Sunday, July 3, 2022

Coming to grips with Dobbs

Through most of my adult life (I am almost 50), I have claimed to be pro-choice. I usually voted in the pro-choice direction when it came to ballot measures. I usually voted for pro-choice candidates for office.

I took that position on the cheap. Roe v. Wade created a distance between me and whatever abortion policy I claimed to endorse. As long as Roe was the law of the land, my pro-choice position mattered less. How I voted affected the policy along some margin, but it was a very slim margin.

For me, that mattered because in spite of my professed support for the pro-choice position, I also hold a deeply felt sense that human life begins at conception. If I carry that deeply felt sense to one logical conclusion, then it requires me to hold that the decision to abort is the decision to kill a person. I'm not quite there yet, and my never get there. But I'm almost there, and I cannot escape the implication at any rate.

To be clear, mine is not an absolute, rock solid belief. I cannot articulate exactly why I hold it or exactly how I came about it. I have no strong evidence or arguments. For any point I might offer to support that deeply felt sense, I can think of  counterarguments, contradictory evidence, and reductios ad absurdum that challenge my belief at every turn.
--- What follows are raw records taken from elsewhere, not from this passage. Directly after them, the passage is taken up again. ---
lemma PK_Some_nonzero:
  assumes "PK (Some s) u (Some y) \<noteq> 0"
  shows "s \<notin> Stop \<and> (\<exists>a. u = Some a \<and> jkernel Tr s a y \<noteq> 0)"
  using assms by (auto simp: pkernel_def split: option.splits if_splits)

lemma PK_None_nonzero:
  assumes "PK (Some s) u None \<noteq> 0"
  shows "s \<in> Stop \<and> u = None"
  using assms by (auto simp: pkernel_def split: option.splits if_splits)

lemma PK_le_one:
  assumes "s \<in> JS" "u \<in> Av s"
  shows "PK (Some s) u y \<le> 1"
proof -
  have "PK (Some s) u y \<le> (\<Sum>y\<in>UNIV. PK (Some s) u y)"
    by (rule member_le_sum) (auto simp: PK_nonneg)
  then show ?thesis using PK_sum_one[OF assms] by simp
qed

inductive_set Reach where
  Reach_init: "sI \<in> Reach"
| Reach_step: "s \<in> Reach \<Longrightarrow> s \<notin> Stop \<Longrightarrow> a \<in> jactions A \<Longrightarrow> jkernel Tr s a y \<noteq> 0 \<Longrightarrow> y \<in> Reach"

lemma Reach_JS: "s \<in> Reach \<Longrightarrow> s \<in> JS"
  by (induction rule: Reach.induct) (auto simp: sI_in_JS jkernel_nonzero)

lemma policy_nonneg: "policy pol \<Longrightarrow> 0 \<le> pol h x u"
  by (simp add: pp_policy_def)

lemma policy_outside_Av: "policy pol \<Longrightarrow> s \<in> JS \<Longrightarrow> u \<notin> Av s \<Longrightarrow> pol h (Some s) u = 0"
  by (simp add: pp_policy_def)

lemma policy_sum_one: "policy pol \<Longrightarrow> s \<in> JS \<Longrightarrow> (\<Sum>u\<in>UNIV. pol h (Some s) u) = 1"
proof -
  assume v: "policy pol" and s: "s \<in> JS"
  have "(\<Sum>u\<in>UNIV. pol h (Some s) u) = (\<Sum>u\<in>Av s. pol h (Some s) u)"
    using policy_outside_Av[OF v s] by (intro sum.mono_neutral_right) auto
  also have "\<dots> = 1" using v s by (simp add: pp_policy_def)
  finally show ?thesis .
qed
But still: I can't or won't forsake my deeply felt sense about when life begins. I can't do it in the same way I can't will myself to be who I am not. I won't do it in the same way that if I claim to have a disposition to the truth, I must follow where the truth, as I'm given to see the truth, leads me. How I act on that belief; when, whether, and with whom I choose to share it; what tone and what degree of understanding and compassion I bring to any discussion--those I can change as the circumstances warrant. But absent some sea change on the order of a religious conversion, my base belief won't change.

As long as Roe was the law, I could debate abortion with myself as a mostly abstract proposition. I could explain to myself that however we settle when life begins, abortion should be legal as a matter of policy. And going beyond the question of policy, I could explain to myself that I supported a woman's near absolute prerogative to choose an abortion. I have indulged in some heroic mental gymnastics to get to that second point. And frankly, I fear my reasoning is ad hoc and motivated. But while Roe was the law, I could engage in such musings and call it a theoretical exercise.

Now, Roe is not the law.

Now, how I vote affects abortion policy more than before.
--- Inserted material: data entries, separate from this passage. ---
(* Let $\mathcal{N}$ be a Cassou-Nogu\`es ideal with $N=\#(\mathcal{O}/\mathcal{N})$, and let $U=\{u_1,\dots,u_r\}\subset\mathcal{O}$ be nonempty with each $u_j$ prime to $\mathcal{N}$. Then for every $x\in\mathcal{O}/\mathcal{N}$ and all integers $l_1,\dots,l_r\ge0$, $$\mathfrak{h}_U\Big(x+\sum_{j=1}^r l_ju_j\Big)=\mathfrak{h}_U(x)+\sum_{\emptyset\neq S\subseteq\{1,\dots,r\}}\ \sum_{\substack{0\le d_j<l_j\\ j\in S}}\mathfrak{h}_{U\setminus\{u_j\}_{j\in S}}\Big(x+\sum_{j\in S}d_ju_j\Big).$$
   Context: $F$ is a number field with ring of integers $\mathcal{O}$. A Cassou-Nogu\`es ideal is an integral ideal $\mathcal{N}\neq\mathcal{O}$ such that $\mathcal{O}/\mathcal{N}$ is cyclic as an additive group, i.e. $\mathcal{O}/\mathcal{N}\simeq\mathbf{Z}/N$ with $N=\#(\mathcal{O}/\mathcal{N})$. An element $u\in\mathcal{O}$ is prime to $\mathcal{N}$ if it is a unit modulo $\mathcal{N}$. For a nonempty $U=\{u_1,\dots,u_r\}\subset\mathcal{O}$, $\mathfrak{h}_U$ is the function on $\mathcal{O}/\mathcal{N}$ given by $\mathfrak{h}_U(a)=\frac{1}{N^{r-1}}\sum_{0\le d_1,\dots,d_r<N,\ d_1u_1+\dots+d_ru_r\equiv-a\bmod\mathcal{N}}d_1d_2\cdots d_r-\left(\frac{N-1}{2}\right)^r$, and $\mathfrak{h}_\emptyset(a)=N-1$ if $a\equiv0\bmod\mathcal{N}$, $\mathfrak{h}_\emptyset(a)=-1$ otherwise. *)

theory Defs
  imports Complex_Main "HOL-Library.FuncSet"
begin

text \<open>The ring of integers O is abstracted as a commutative ring 'a; an integral
ideal is a set of ring elements; residues mod the ideal are handled by congruence.\<close>

definition is_ideal :: "'a::comm_ring_1 set \<Rightarrow> bool" where
  "is_ideal I \<longleftrightarrow> 0 \<in> I \<and> (\<forall>x\<in>I. \<forall>y\<in>I. x + y \<in> I) \<and> (\<forall>x\<in>I. \<forall>a. a * x \<in> I)"

definition residue_classes :: "'a::comm_ring_1 set \<Rightarrow> 'a set set" where
  "residue_classes I = (\<lambda>x. {y. y - x \<in> I}) ` UNIV"

definition quot_card :: "'a::comm_ring_1 set \<Rightarrow> nat" where
  "quot_card I = card (residue_classes I)"

text \<open>Cassou-Nogues ideal: proper ideal with O/I finite and cyclic as additive group.\<close>
definition cassou_nogues :: "'a::comm_ring_1 set \<Rightarrow> bool" where
  "cassou_nogues I \<longleftrightarrow> is_ideal I \<and> (1::'a) \<notin> I \<and> finite (residue_classes I) \<and>
     (\<exists>g. \<forall>x. \<exists>k::int. x - of_int k * g \<in> I)"

definition prime_to :: "'a::comm_ring_1 \<Rightarrow> 'a set \<Rightarrow> bool" where
  "prime_to u I \<longleftrightarrow> (\<exists>v. u * v - 1 \<in> I)"

text \<open>h_U for U = {u j | j \<in> J} (indexed by the finite index set J), evaluated at a.\<close>
definition hU :: "'a::comm_ring_1 set \<Rightarrow> (nat \<Rightarrow> 'a) \<Rightarrow> nat set \<Rightarrow> 'a \<Rightarrow> real" where
  "hU I u J a =
    (let N = quot_card I in
     if J = {} then (if a \<in> I then real N - 1 else -1)
     else (\<Sum>d \<in> {d \<in> PiE J (\<lambda>_. {0..<N}). (\<Sum>j\<in>J. of_nat (d j) * u j) + a \<in> I}.
              (\<Prod>j\<in>J. real (d j))) / real N ^ (card J - 1)
          - ((real N - 1) / 2) ^ card J)"

end

theory Submission
  imports Defs
begin

(*
  Since each u_k is a unit modulo N and O/N is cyclic of order N, the congruence
  d_1 u_1 + ... + d_r u_r + a = 0 mod N with all d_j in [0, N) can be solved uniquely for d_k
  once the other d_j are chosen arbitrarily.  Replacing a by a + u_k lowers that solution by
  one, except that 0 wraps around to N - 1.  Summing the products d_1 ... d_r, the decrement
  contributes the full Gauss product (N(N-1)/2)^(r-1) and the wrap-around contributes N times
  the analogous sum for U without u_k; after normalisation this is the difference equation
  h_U(a + u_k) = h_U(a) + h_{U - u_k}(a).  Telescoping it l_k times in each coordinate k and
  expanding over the coordinates gives the sum over nonempty subsets S.
*)

lemma
  assumes "is_ideal I"
  shows ideal_zero: "0 \<in> I"
    and ideal_add: "x \<in> I \<Longrightarrow> y \<in> I \<Longrightarrow> x + y \<in> I"
    and ideal_mult_left: "x \<in> I \<Longrightarrow> a * x \<in> I"
  using assms unfolding is_ideal_def by auto

lemma ideal_uminus: "is_ideal I \<Longrightarrow> x \<in> I \<Longrightarrow> - x \<in> I"
  using ideal_mult_left[of I x "-1"] by simp

lemma ideal_diff: "is_ideal I \<Longrightarrow> x \<in> I \<Longrightarrow> y \<in> I \<Longrightarrow> x - y \<in> I"
  using ideal_add[of I x "- y"] ideal_uminus[of I y] by simp

definition coset :: "'a::comm_ring_1 set \<Rightarrow> 'a \<Rightarrow> 'a set" where
  "coset I x = {y. y - x \<in> I}"

lemma residue_classes_eq_range_coset: "residue_classes I = range (coset I)"
  unfolding residue_classes_def coset_def ..

lemma coset_eq_iff:
  assumes "is_ideal I"
  shows "coset I x = coset I z \<longleftrightarrow> x - z \<in> I"
proof
  assume "coset I x = coset I z"
  moreover have "x \<in> coset I x"
    using ideal_zero[OF assms] by (simp add: coset_def)
  ultimately show "x - z \<in> I"
    by (simp add: coset_def)
next
  assume "x - z \<in> I"
  then show "coset I x = coset I z"
    using ideal_add[OF assms, of _ "x - z"] ideal_diff[OF assms, of _ "x - z"]
    by (force simp: coset_def)
qed

lemma inj_on_coset_multiples:
  assumes I: "is_ideal I" and small: "\<And>k. 0 < k \<Longrightarrow> k < m \<Longrightarrow> of_nat k * v \<notin> I"
  shows "inj_on (\<lambda>k. coset I (of_nat k * v)) {0..<m}"
proof (rule linorder_inj_onI')
  fix i j :: nat
  assume "i \<in> {0..<m}" "j \<in> {0..<m}" "i < j"
  then have "of_nat (j - i) * v \<notin> I"
    using small[of "j - i"] by auto
  moreover have "of_nat (j - i) * v = of_nat j * v - of_nat i * v"
    using \<open>i < j\<close> by (simp add: algebra_simps)
  ultimately show "coset I (of_nat i * v) \<noteq> coset I (of_nat j * v)"
    using ideal_uminus[OF I] coset_eq_iff[OF I] by fastforce
qed

lemma sum_real_atLeast0LessThan: "(\<Sum>i\<in>{0..<m}. real i) = real m * (real m - 1) / 2"
  by (induction m) (auto simp: field_simps)

lemma sum_PiE_insert:
  assumes "k \<notin> S"
  shows "(\<Sum>d\<in>PiE (insert k S) B. F d) = (\<Sum>y\<in>B k. \<Sum>g\<in>PiE S B. F (g(k := y)))"
  unfolding PiE_insert_eq
  by (subst sum.reindex[OF inj_combinator[OF assms]]) (simp add: sum.cartesian_product case_prod_beta)

lemma sum_fun_upd_insert:
  fixes u :: "nat \<Rightarrow> 'a::comm_semiring_1"
  assumes "finite S" "k \<notin> S"
  shows "(\<Sum>j\<in>insert k S. of_nat ((g(k := e)) j) * u j) =
    (\<Sum>j\<in>S. of_nat (g j) * u j) + of_nat e * u k"
proof -
  have "(\<Sum>j\<in>S. of_nat ((g(k := e)) j) * u j) = (\<Sum>j\<in>S. of_nat (g j) * u j)"
    using assms(2) by (intro sum.cong) auto
  then show ?thesis
    using assms by (simp add: add.commute)
qed

lemma sum_fun_upd_remove:
  fixes u :: "nat \<Rightarrow> 'a::comm_semiring_1"
  assumes "finite J" "k \<in> J"
  shows "(\<Sum>j\<in>J. of_nat ((e(k := z)) j) * u j) =
    of_nat z * u k + (\<Sum>j\<in>J - {k}. of_nat (e j) * u j)"
  by (simp add: sum.remove[OF assms])

lemma sum_subsets_expansion:
  fixes F :: "nat set \<Rightarrow> 'a::comm_semiring_1 \<Rightarrow> 'b::comm_monoid_add" and u :: "nat \<Rightarrow> 'a"
  assumes step: "\<And>J' k a l. J' \<subseteq> J \<Longrightarrow> k \<in> J' \<Longrightarrow>
      F J' (a + of_nat l * u k) = F J' a + (\<Sum>e<l. F (J' - {k}) (a + of_nat e * u k))"
    and "finite K" "K \<subseteq> J"
  shows "F J (x + (\<Sum>j\<in>K. of_nat (l j) * u j)) =
    (\<Sum>S\<in>Pow K. \<Sum>d\<in>PiE S (\<lambda>j. {0..<l j}). F (J - S) (x + (\<Sum>j\<in>S. of_nat (d j) * u j)))"
  using \<open>finite K\<close> \<open>K \<subseteq> J\<close>
proof (induction K arbitrary: x rule: finite_induct)
  case empty
  then show ?case by simp
next
  case (insert k K)
  define T where "T S = (\<Sum>d\<in>PiE S (\<lambda>j. {0..<l j}). F (J - S) (x + (\<Sum>j\<in>S. of_nat (d j) * u j)))" for S
  have T_insert: "T (insert k S) =
      (\<Sum>d\<in>PiE S (\<lambda>j. {0..<l j}). \<Sum>e<l k.
        F (J - S - {k}) ((x + (\<Sum>j\<in>S. of_nat (d j) * u j)) + of_nat e * u k))"
    if "S \<in> Pow K" for S
  proof -
    have S: "finite S" "k \<notin> S"
      using that finite_subset[of S K] insert.hyps by auto
    show ?thesis
      unfolding T_def sum_PiE_insert[OF S(2)] sum_fun_upd_insert[OF S] Diff_insert[of J k S]
        atLeast0LessThan add.assoc
      by (rule sum.swap)
  qed
  have "F J (x + (\<Sum>j\<in>insert k K. of_nat (l j) * u j)) =
      F J ((x + of_nat (l k) * u k) + (\<Sum>j\<in>K. of_nat (l j) * u j))"
    using insert.hyps by (simp add: add_ac)
  also have "\<dots> = (\<Sum>S\<in>Pow K. \<Sum>d\<in>PiE S (\<lambda>j. {0..<l j}).
      F (J - S) ((x + (\<Sum>j\<in>S. of_nat (d j) * u j)) + of_nat (l k) * u k))"
    using insert.IH[of "x + of_nat (l k) * u k"] insert.prems by (simp only: add_ac insert_subset)
  also have "\<dots> = (\<Sum>S\<in>Pow K. T S + T (insert k S))"
  proof (rule sum.cong[OF refl])
    fix S assume "S \<in> Pow K"
    then have JS: "J - S \<subseteq> J" "k \<in> J - S"
      using insert by auto
    have "F (J - S) (b + of_nat (l k) * u k) =
        F (J - S) b + (\<Sum>e<l k. F (J - S - {k}) (b + of_nat e * u k))" for b
      by (rule step[OF JS])
    then show "(\<Sum>d\<in>PiE S (\<lambda>j. {0..<l j}).
        F (J - S) ((x + (\<Sum>j\<in>S. of_nat (d j) * u j)) + of_nat (l k) * u k)) = T S + T (insert k S)"
      unfolding T_insert[OF \<open>S \<in> Pow K\<close>] by (simp only: T_def sum.distrib)
  qed
  also have "\<dots> = (\<Sum>S\<in>Pow (insert k K). T S)"
  proof -
    have "inj_on (insert k) (Pow K)"
      using insert.hyps by (intro inj_onI) (metis Diff_insert_absorb PowD subsetD)
    moreover have "Pow K \<inter> insert k ` Pow K = {}"
      using insert.hyps by auto
    ultimately show ?thesis
      using insert.hyps by (simp add: Pow_insert sum.union_disjoint sum.reindex sum.distrib)
  qed
  finally show ?case
    unfolding T_def .
qed

locale cassou_nogues_ideal =
  fixes I :: "'a::comm_ring_1 set"
  assumes cassou_nogues: "cassou_nogues I"
begin

abbreviation N :: nat where "N \<equiv> quot_card I"

lemma is_ideal: "is_ideal I"
  and finite_residue_classes: "finite (residue_classes I)"
  using cassou_nogues unfolding cassou_nogues_def by auto

lemma card_image_coset_le:
  "inj_on (\<lambda>k. coset I (of_nat k * v)) {0..<m} \<Longrightarrow> m \<le> N"
  using card_inj_on_le[OF _ _ finite_residue_classes]
  unfolding quot_card_def residue_classes_eq_range_coset by fastforce

lemma ex_pos_multiple_mem: "\<exists>m>0. of_nat m * v \<in> I"
  using card_image_coset_le[OF inj_on_coset_multiples[OF is_ideal, of "Suc N"]] by force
Now, I must consider how much and in what ways I support the pro-choice position.

Now, I must ponder the, for me, terrible and terrifying prospect of taking a more active stand, of more directly causing more abortions to happen that otherwise wouldn't happen. I could--I have the means--donate money to those who would help women obtain abortions.

(Of course, I could also do nothing. That's probably what I shall do. But I hold seriously to my other belief that abortion is and ought to be a woman's prerogative, that impeding that prerogative is a deep wrong, and that the primary and secondary effects of criminalization make for a dangerous and unjust policy.)

I always knew that under Roe, taking the pro-choice position enabled abortion. I never agreed, as a factual matter, that "people will just get abortions anyway, just not safe ones" even though some will get indeed risk getting unsafe abortions, especially if abortion is banned nationally.

But now any stance I take is of more consequence. The margin along which my actions can affect the outcome is larger. I can no longer outsource my supposed pro-choice convictions to the Supreme Court.